Wednesday, January 17, 2018

MAIL CALL!


The Liberty Memorial in Kansas City is the only museum in the U.S. dedicated solely to World War I.  Featuring the coolest exhibits and interactive displays that carries you through. The museum appeals to the biggest history buffs and those who find discomfort with conflicts and hard-to-remember time lines (like me).  I have always had a fascination with living history and first-hand accounts that told individual stories ...feeling as if I am right there with them. For my reading folks dealing with primary and secondary sources you are in luck. Liberty Memorial rocks with the primary sources i.e. diaries and letters that describe the laughter, love and pain absent from textbooks ...not to mention the emotion captured in the candid photos.

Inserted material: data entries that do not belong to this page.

(* Let $G=(V,A)$ be a finite simple graph without loops with $|e|\ge 2$ for all $e\in V$, and $\mathfrak n=\mathfrak n(G)=W\oplus\mathfrak z$. Then $(\Lambda^2\mathfrak n)^{\mathfrak n}=\Lambda^2\mathfrak z$ and $\mathfrak n$ is of TST type. Consequently every Lie bialgebra cobracket $\delta$ on $\mathfrak n$ satisfies $\delta(\mathfrak z)\subseteq\Lambda^2\mathfrak z$ and $\delta(W)\subseteq (W\wedge\mathfrak z)\oplus\Lambda^2\mathfrak z$; more precisely $\delta(z)=\delta_{\mathfrak z}(z)$ and $\delta(v)=\sum_{\alpha\in A}D^\alpha(v)\wedge\alpha+\varphi(v)$ with linear maps $\delta_{\mathfrak z}:\mathfrak z\to\Lambda^2\mathfrak z$, $D^\alpha:W\to W$, $\varphi:W\to\Lambda^2\mathfrak z$ satisfying: $\delta_{\mathfrak z}$ satisfies co-Jacobi; writing $\delta_{\mathfrak z}(\gamma)=\sum_{\alpha<\beta}c_\gamma^{\alpha\beta}\alpha\wedge\beta$, $[D^\alpha,D^\beta]=\sum_\gamma c_\gamma^{\alpha\beta}D^\gamma$; $\sum_\gamma T_\gamma(x)(y)\delta_{\mathfrak z}(\gamma)=\sum_{\gamma,\eta}(T_\gamma(D^\eta x)(y)+T_\gamma(x)(D^\eta y))\gamma\wedge\eta$ for $x,y\in W$; and, writing $\varphi(v)=\sum_{\alpha<\beta}\varphi_{\alpha\beta}(v)\alpha\wedge\beta$, $\sum_\gamma\varphi(D^\gamma v)\wedge\gamma+\sum_{\alpha<\beta}\varphi_{\alpha\beta}(v)(\delta_{\mathfrak z}(\alpha)\wedge\beta-\alpha\wedge\delta_{\mathfrak z}(\beta))=0$ for $v\in W$.
   Context: $V=\{e_1,\dots,e_n\}$ ordered, each edge joining $e_i,e_j$ ($i<j$) oriented from $e_i$ to $e_j$, edges $A$ given a fixed total order. $\mathfrak n(G)$ over a field of characteristic zero has basis $V\cup A$, $[e_i,e_j]=\alpha$ if $\alpha$ goes from $e_i$ to $e_j$, $[e_i,e_j]=0$ if not adjacent, edges central; $W=\mathrm{span}(V)$, center $\mathfrak z=\mathrm{span}(A)$. $T_\gamma:W\to W^*$ is defined by $[v,w]=\sum_\gamma T_\gamma(v)(w)\gamma$. $\mathfrak n$ is of TST type if the only linear $S:W^*\to W$ with $T_\alpha ST_\beta+T_\beta ST_\alpha=0$ for all $\alpha,\beta\in A$ is $S=0$. Invariants are for $\mathrm{ad}_x(a\wedge b)=[x,a]\wedge b+a\wedge[x,b]$. A Lie bialgebra cobracket is a linear $\delta:\mathfrak n\to\Lambda^2\mathfrak n$ satisfying co-Jacobi ($\delta(x_1)\wedge x_2-x_1\wedge\delta(x_2)=0$, Sweedler $\delta(x)=x_1\wedge x_2$) and $\delta[x,y]=[\delta x,y]+[x,\delta y]$. *)

theory Defs
  imports Main "HOL-Library.Product_Lexorder"
begin

text \<open>Vertices are e_0,...,e_{n-1} (naturally ordered); an edge joining e_i, e_j with i<j
  is the pair (i,j), oriented from e_i to e_j.
  Basis of n(G): Vx i (vertices) and Ed alpha (edges).\<close>

datatype gidx = Vx nat | Ed "nat \<times> nat"

definition basis :: "nat \<Rightarrow> (nat \<times> nat) set \<Rightarrow> gidx set" where
  "basis n A = Vx ` {..<n} \<union> Ed ` A"

definition unitv :: "'b \<Rightarrow> 'b \<Rightarrow> 'a::field" where
  "unitv x = (\<lambda>y. if y = x then 1 else 0)"

text \<open>Elements of Lambda^2 as antisymmetric coefficient matrices:
  omega = sum_{p<q} B p q e_p wedge e_q.\<close>
definition wedge :: "('b \<Rightarrow> 'a::field) \<Rightarrow> ('b \<Rightarrow> 'a) \<Rightarrow> 'b \<Rightarrow> 'b \<Rightarrow> 'a" where
  "wedge a b p q = a p * b q - a q * b p"

text \<open>Elements of Lambda^3 as alternating coefficient 3-tensors.
  w21 B a = B wedge a,  w12 a B = a wedge B.\<close>
definition w21 :: "('b \<Rightarrow> 'b \<Rightarrow> 'a::field) \<Rightarrow> ('b \<Rightarrow> 'a) \<Rightarrow> 'b \<Rightarrow> 'b \<Rightarrow> 'b \<Rightarrow> 'a" where
  "w21 B a p q u = B p q * a u + B q u * a p + B u p * a q"

definition w12 :: "('b \<Rightarrow> 'a::field) \<Rightarrow> ('b \<Rightarrow> 'b \<Rightarrow> 'a) \<Rightarrow> 'b \<Rightarrow> 'b \<Rightarrow> 'b \<Rightarrow> 'a" where
  "w12 a B p q u = a p * B q u + a q * B u p + a u * B p q"

definition is_L2 :: "nat \<Rightarrow> (nat \<times> nat) set \<Rightarrow> (gidx \<Rightarrow> gidx \<Rightarrow> 'a::field) \<Rightarrow> bool" where
  "is_L2 n A B \<longleftrightarrow> (\<forall>p q. B p q = - B q p) \<and> (\<forall>p q. p \<notin> basis n A \<longrightarrow> B p q = 0)"

definition in_L2z :: "nat \<Rightarrow> (nat \<times> nat) set \<Rightarrow> (gidx \<Rightarrow> gidx \<Rightarrow> 'a::field) \<Rightarrow> bool" where
  "in_L2z n A B \<longleftrightarrow> is_L2 n A B \<and> (\<forall>i q. B (Vx i) q = 0)"

definition in_WZ_L2z :: "nat \<Rightarrow> (nat \<times> nat) set \<Rightarrow> (gidx \<Rightarrow> gidx \<Rightarrow> 'a::field) \<Rightarrow> bool" where
  "in_WZ_L2z n A B \<longleftrightarrow> is_L2 n A B \<and> (\<forall>i j. B (Vx i) (Vx j) = 0)"

definition br :: "(nat \<times> nat) set \<Rightarrow> (gidx \<Rightarrow> 'a::field) \<Rightarrow> (gidx \<Rightarrow> 'a) \<Rightarrow> gidx \<Rightarrow> 'a" where
  "br A x y p = (case p of Vx _ \<Rightarrow> 0
     | Ed \<gamma> \<Rightarrow> (if \<gamma> \<in> A then x (Vx (fst \<gamma>)) * y (Vx (snd \<gamma>)) - x (Vx (snd \<gamma>)) * y (Vx (fst \<gamma>)) else 0))"
(* Let $k$ be an algebraically closed field of characteristic $p>0$, and let $f:\mathbb A^n_k\to\mathbb A^n_k$ be a homomorphism of algebraic groups $\mathbb G_a^n\to\mathbb G_a^n$, given by additive polynomials \[ f_j(x_1,\dots,x_n)=\sum_{i=1}^n\sum_{\ell=0}^{N_j}a_{j,i,\ell}\,x_i^{p^\ell},\qquad 1\le j\le n. \] Assume $f$ is finite and bijective on $k$-points (equivalently, $f$ is a finite radicial isogeny of $\mathbb G_a^n$). Then for every $k$-linear subspace $W\subset\mathbb A^n_k$, the reduced inverse image satisfies $f^{-1}(W)_{\mathrm{red}}\cong\mathbb A^{\dim W}_k$ as $k$-varieties. *)

theory Defs
  imports "HOL-Analysis.Analysis" "HOL-Computational_Algebra.Polynomial"
begin

text \<open>Over an infinite field (e.g. algebraically closed) these are exactly the functions
  given by polynomials in k[x_1,...,x_n].\<close>
inductive_set polyfun :: "('k::comm_ring_1 ^ 'n \<Rightarrow> 'k) set" where
  pf_const: "(\<lambda>x. c) \<in> polyfun"
| pf_coord: "(\<lambda>x. x $ i) \<in> polyfun"
| pf_add: "g \<in> polyfun \<Longrightarrow> h \<in> polyfun \<Longrightarrow> (\<lambda>x. g x + h x) \<in> polyfun"
| pf_mult: "g \<in> polyfun \<Longrightarrow> h \<in> polyfun \<Longrightarrow> (\<lambda>x. g x * h x) \<in> polyfun"

definition polymap :: "('k::comm_ring_1 ^ 'n \<Rightarrow> 'k ^ 'm) \<Rightarrow> bool" where
  "polymap F \<longleftrightarrow> (\<forall>j. (\<lambda>x. F x $ j) \<in> polyfun)"
lemma diagonal_point_on_level_curve:
  fixes a b \<rho> :: real
  assumes "0 \<le> a" "0 \<le> b" "0 \<le> \<rho>"
  obtains c where "0 \<le> c" "2 * c + \<rho> * c\<^sup>2 = a + b + \<rho> * a * b" "a * b \<le> c\<^sup>2"
proof -
  let ?u = "a + b + \<rho> * a * b"
  have "0 \<le> ?u / 2"
    using assms by simp
  moreover have "0 \<le> \<rho> * (?u / 2)\<^sup>2"
    using assms(3) by simp
  then have "?u \<le> 2 * (?u / 2) + \<rho> * (?u / 2)\<^sup>2"
    by (rule add_increasing2) simp
  ultimately have "\<exists>c\<ge>0. c \<le> ?u / 2 \<and> 2 * c + \<rho> * c\<^sup>2 = ?u"
    by (intro IVT') (auto intro!: continuous_intros)
  then obtain c where c: "0 \<le> c" "2 * c + \<rho> * c\<^sup>2 = ?u"
    by blast
  have "a * b \<le> c\<^sup>2"
  proof (rule ccontr)
    assume "\<not> a * b \<le> c\<^sup>2"
    then have less: "c\<^sup>2 < a * b"
      by simp
    have "(a + b)\<^sup>2 - 4 * (a * b) = (a - b)\<^sup>2"
      by (simp add: power2_eq_square algebra_simps)
    then have "4 * c\<^sup>2 < (a + b)\<^sup>2"
      using less zero_le_power2[of "a - b"] by linarith
    then have "(2 * c)\<^sup>2 < (a + b)\<^sup>2"
      by (simp add: power_mult_distrib)
    then have "2 * c < a + b"
      by (rule power_less_imp_less_base) (use assms in simp)
    moreover have "\<rho> * c\<^sup>2 \<le> \<rho> * a * b"
      using less assms(3) by (simp add: mult_left_mono mult.assoc)
    ultimately show False
      using c(2) by linarith
  qed
  with c that show ?thesis
    by blast
qed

A collection of envelopes that had encased letters from a father on the front to his son in San Antonio is a focal point within the Liberty Memorial.  Skillfully drawn and addressed to Private Walter L. Myers, these miniature works range from comical to patriotic and capture remarkable everyday experiences, from one soldier to another.  The sketches carry a message through time and space, so that a century later we understand at first glance.  Connection in the face of conflict.  Textbooks document the dates and time lines, victories and losses, nationalities, maps, destruction and casualties.  But a comical sketch sent from “somewhere in France” or a photo of the artist drawing in a distant combat zone soars above boundaries like the hot air balloons depicted by Myers, an artillery scout.  It doesn’t matter if the soldier is French, American, German or Russian – he’s a man and a father, far away from home.